(* Let $P$ be a pair of pants. Then $\mathrm{rep}(\pi_1(P),\mathrm{SO}(3))$ is homeomorphic to the quotient of the closed tetrahedron $G\subset\mathbb R^3$ with vertices $(\pi,0,0),(0,\pi,0),(0,0,\pi),(\pi,\pi,\pi)$ by the action of the Klein four-group $V=\{I,I_A,I_B,I_C\}$, where $$I_A(\theta_0,\theta_1,\theta_2)=(\theta_0,\pi-\theta_1,\pi-\theta_2),\quad I_B(\theta_0,\theta_1,\theta_2)=(\pi-\theta_0,\theta_1,\pi-\theta_2),\quad I_C(\theta_0,\theta_1,\theta_2)=(\pi-\theta_0,\pi-\theta_1,\theta_2).$$
   Context: $\mathrm{rep}(\pi_1(P),\mathrm{SO}(3))=\mathrm{Hom}(\pi_1(P),\mathrm{SO}(3))/\mathrm{SO}(3)$ with the conjugation action and quotient topology. $G$ is the set $\{\theta_0+\theta_1+\theta_2\ge\pi,\ \theta_i\le\theta_{i+1}+\theta_{i+2}-\pi,\ i\in\mathbb Z_3\}$; each $I_A,I_B,I_C$ is an involutive rotation of $G$ about an axis through $(\pi/2,\pi/2,\pi/2)$ parallel to a coordinate axis. *)

theory Defs
  imports "HOL-Analysis.Analysis"
begin

definition rel_class :: "'a topology \<Rightarrow> ('a \<Rightarrow> 'a \<Rightarrow> bool) \<Rightarrow> 'a \<Rightarrow> 'a set" where
  "rel_class X r x = {y \<in> topspace X. r x y}"

definition quotient_topology :: "'a topology \<Rightarrow> ('a \<Rightarrow> 'a \<Rightarrow> bool) \<Rightarrow> 'a set topology" where
  "quotient_topology X r = topology (\<lambda>U. U \<subseteq> rel_class X r ` topspace X \<and>
      openin X {x \<in> topspace X. rel_class X r x \<in> U})"

lemma istopology_quotient:
  "istopology (\<lambda>U. U \<subseteq> rel_class X r ` topspace X \<and>
      openin X {x \<in> topspace X. rel_class X r x \<in> U})"
proof -
  have i: "{x \<in> topspace X. rel_class X r x \<in> S \<inter> T} =
        {x \<in> topspace X. rel_class X r x \<in> S} \<inter> {x \<in> topspace X. rel_class X r x \<in> T}"
    for S T :: "'a set set" by blast
  have u: "{x \<in> topspace X. rel_class X r x \<in> \<Union>K} = (\<Union>U\<in>K. {x \<in> topspace X. rel_class X r x \<in> U})"
    for K :: "'a set set set" by blast
  show ?thesis unfolding istopology_def
    by (auto simp only: i u intro!: openin_Int openin_Union)
qed

type_synonym mat3 = "real^3^3"

definition SO3 :: "mat3 set" where
  "SO3 = {A. orthogonal_matrix A \<and> det A = 1}"

text \<open>pi_1 of the pair of pants: <a, b, c | a b c = 1> (free of rank 2, generated by the
  three boundary loops). Hom(pi_1(P), SO(3)) is identified with the triples of images,
  with the subspace topology of SO(3)^3 (compact-open = pointwise on generators).\<close>
definition hom_pants_SO3 :: "(mat3 \<times> mat3 \<times> mat3) set" where
  "hom_pants_SO3 = {(A, B, C). A \<in> SO3 \<and> B \<in> SO3 \<and> C \<in> SO3 \<and> A ** B ** C = mat 1}"

definition conj_rel :: "(mat3 \<times> mat3 \<times> mat3) \<Rightarrow> (mat3 \<times> mat3 \<times> mat3) \<Rightarrow> bool" where
  "conj_rel = (\<lambda>(A, B, C) (A', B', C'). \<exists>g \<in> SO3.
      A' = g ** A ** matrix_inv g \<and> B' = g ** B ** matrix_inv g \<and> C' = g ** C ** matrix_inv g)"

definition rep_pants_SO3 :: "(mat3 \<times> mat3 \<times> mat3) set topology" where
  "rep_pants_SO3 = quotient_topology (subtopology euclidean hom_pants_SO3) conj_rel"
lemma weight_simps [simp]:
  "weight w12 w13 w23 1 2 = w12" "weight w12 w13 w23 2 1 = w12"
  "weight w12 w13 w23 1 3 = w13" "weight w12 w13 w23 3 1 = w13"
  "weight w12 w13 w23 2 3 = w23" "weight w12 w13 w23 3 2 = w23"
  "weight w12 w13 w23 (Suc 0) 2 = w12" "weight w12 w13 w23 2 (Suc 0) = w12"
  "weight w12 w13 w23 (Suc 0) 3 = w13" "weight w12 w13 w23 3 (Suc 0) = w13"
  by (auto simp: weight_def doubleton_eq_iff)

lemma weight_const: "weight w w w = (\<lambda>_ _. w)"
  by (simp add: weight_def fun_eq_iff)

definition valid_pos :: "nat \<Rightarrow> pos \<Rightarrow> bool" where
  "valid_pos n p \<longleftrightarrow> length p = n \<and> (\<forall>e<n. peg (p ! e))"

definition other_peg :: "nat \<Rightarrow> nat \<Rightarrow> nat" where
  "other_peg a b = 6 - a - b"

lemma other_peg:
  "peg a \<Longrightarrow> peg b \<Longrightarrow> a \<noteq> b \<Longrightarrow> peg (other_peg a b) \<and> other_peg a b \<noteq> a \<and> other_peg a b \<noteq> b"
  by (auto simp: peg_def other_peg_def)

lemma legal_move_smallest: "legal_move n p 0 j \<longleftrightarrow> 0 < n \<and> peg j \<and> j \<noteq> p ! 0"
  unfolding legal_move_def by (metis gr0I le0)

text \<open>Once the smallest disk has been fixed, the position admits at most one legal move: the
  smallest disk blocks one of the two other pegs, and between the tops of the remaining two
  pegs only the smaller one can move, and only in one direction.\<close>

lemma legal_move_unique_not_smallest:
  assumes "valid_pos n p" "legal_move n p d j" "legal_move n p d' j'" "d \<noteq> 0" "d' \<noteq> 0"
  shows "d = d' \<and> j = j'"
proof -
  have n: "0 < n" and dn: "d < n" "d' < n" using assms(2,3) by (auto simp: legal_move_def)
  have pg: "peg (p!0)" "peg (p!d)" "peg (p!d')" using assms(1) n dn by (auto simp: valid_pos_def)
  have L1: "\<forall>e<n. p ! e = p ! d \<longrightarrow> d \<le> e" "\<forall>e<n. p ! e = j \<longrightarrow> d < e" "peg j" "j \<noteq> p!d"
    using assms(2) by (simp_all add: legal_move_def)
  have L2: "\<forall>e<n. p ! e = p ! d' \<longrightarrow> d' \<le> e" "\<forall>e<n. p ! e = j' \<longrightarrow> d' < e" "peg j'" "j' \<noteq> p!d'"
    using assms(3) by (simp_all add: legal_move_def)
  have blocked: "p!0 \<noteq> p!d" "p!0 \<noteq> j" "p!0 \<noteq> p!d'" "p!0 \<noteq> j'"
    using L1(1,2) L2(1,2) n assms(4,5) by force+
  show ?thesis
  proof (cases "p!d = p!d'")
    case True
    then have "d \<le> d'" "d' \<le> d" using L1(1) L2(1) dn by auto
    moreover have "j = j'" using blocked pg True L1(3,4) L2(3,4) unfolding peg_def by auto
    ultimately show ?thesis by simp
  next
    case False
    then have "p!d = j'" "p!d' = j" using blocked pg L1(3,4) L2(3,4) unfolding peg_def by auto
    then have "d' < d" "d < d'" using L1(2) L2(2) dn by auto
    then show ?thesis by simp
  qed
qed

lemma tower_iff_all: "length p = n \<Longrightarrow> tower n p k \<longleftrightarrow> (\<forall>x\<in>set p. x = k)"
  by (auto simp: tower_def all_set_conv_all_nth)

lemma game_over_tower: "game_over n ec p b s \<Longrightarrow> \<exists>k. tower n p k"
  by (auto simp: game_over_def split: ending.splits)

lemma game_over_mono: "game_over n ec p b s \<Longrightarrow> (b \<longrightarrow> b') \<Longrightarrow> (s \<longrightarrow> s') \<Longrightarrow> game_over n ec p b' s'"
  by (auto simp: game_over_def split: ending.splits)

lemma not_ends_after_if_not_tower:
  "\<forall>k. \<not> tower n (move_pos (gpos s) d j) k \<Longrightarrow> \<not> ends_after n ec w12 w13 w23 s d j"
  by (auto simp: ends_after_def step_def dest!: game_over_tower)

context
  fixes n :: nat and ec :: ending and w12 w13 w23 :: real
begin

abbreviation wins_anh :: "gstate \<Rightarrow> bool" where
  "wins_anh \<equiv> wins n ec w12 w13 w23 True"

abbreviation wt :: "nat \<Rightarrow> nat \<Rightarrow> real" where
  "wt \<equiv> weight w12 w13 w23"

lemma wins_anh_smallest_move:
  assumes "wins_anh (step n w12 w13 w23 s 0 j)" "ganh s" "glast s \<noteq> Some 0"
    "legal_move n (gpos s) 0 j" "\<forall>k. \<not> tower n (move_pos (gpos s) 0 j) k"
  shows "wins_anh s"
proof (rule wins.own_turn)
  show "allowed n ec w12 w13 w23 s 0 j" using assms(3-5) by (auto simp: allowed_def)
qed (use assms not_ends_after_if_not_tower in auto)

lemma wins_anh_final_smallest_move:
  assumes "ganh s" "glast s \<noteq> Some 0" "legal_move n (gpos s) 0 j"
    "ends_after n ec w12 w13 w23 s 0 j" "victor True (gdiff (step n w12 w13 w23 s 0 j))"
  shows "wins_anh s"
proof (rule wins.own_turn)
  show "allowed n ec w12 w13 w23 s 0 j" using assms(2-4) by (auto simp: allowed_def)
qed (use assms in auto)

PROBLEM TO WORK ON => Within the listing above, the range opens at the line with "by (auto simp: tower_def" and closes at the line with "j) k \<Longrightarrow>". Reproduce exactly the lines of that range, including both ends.

OUTPUT FOR THIS TASK =>
  by (auto simp: tower_def all_set_conv_all_nth)

lemma game_over_tower: "game_over n ec p b s \<Longrightarrow> \<exists>k. tower n p k"
  by (auto simp: game_over_def split: ending.splits)

lemma game_over_mono: "game_over n ec p b s \<Longrightarrow> (b \<longrightarrow> b') \<Longrightarrow> (s \<longrightarrow> s') \<Longrightarrow> game_over n ec p b' s'"
  by (auto simp: game_over_def split: ending.splits)

lemma not_ends_after_if_not_tower:
  "\<forall>k. \<not> tower n (move_pos (gpos s) d j) k \<Longrightarrow> \<not> ends_after n ec w12 w13 w23 s d j"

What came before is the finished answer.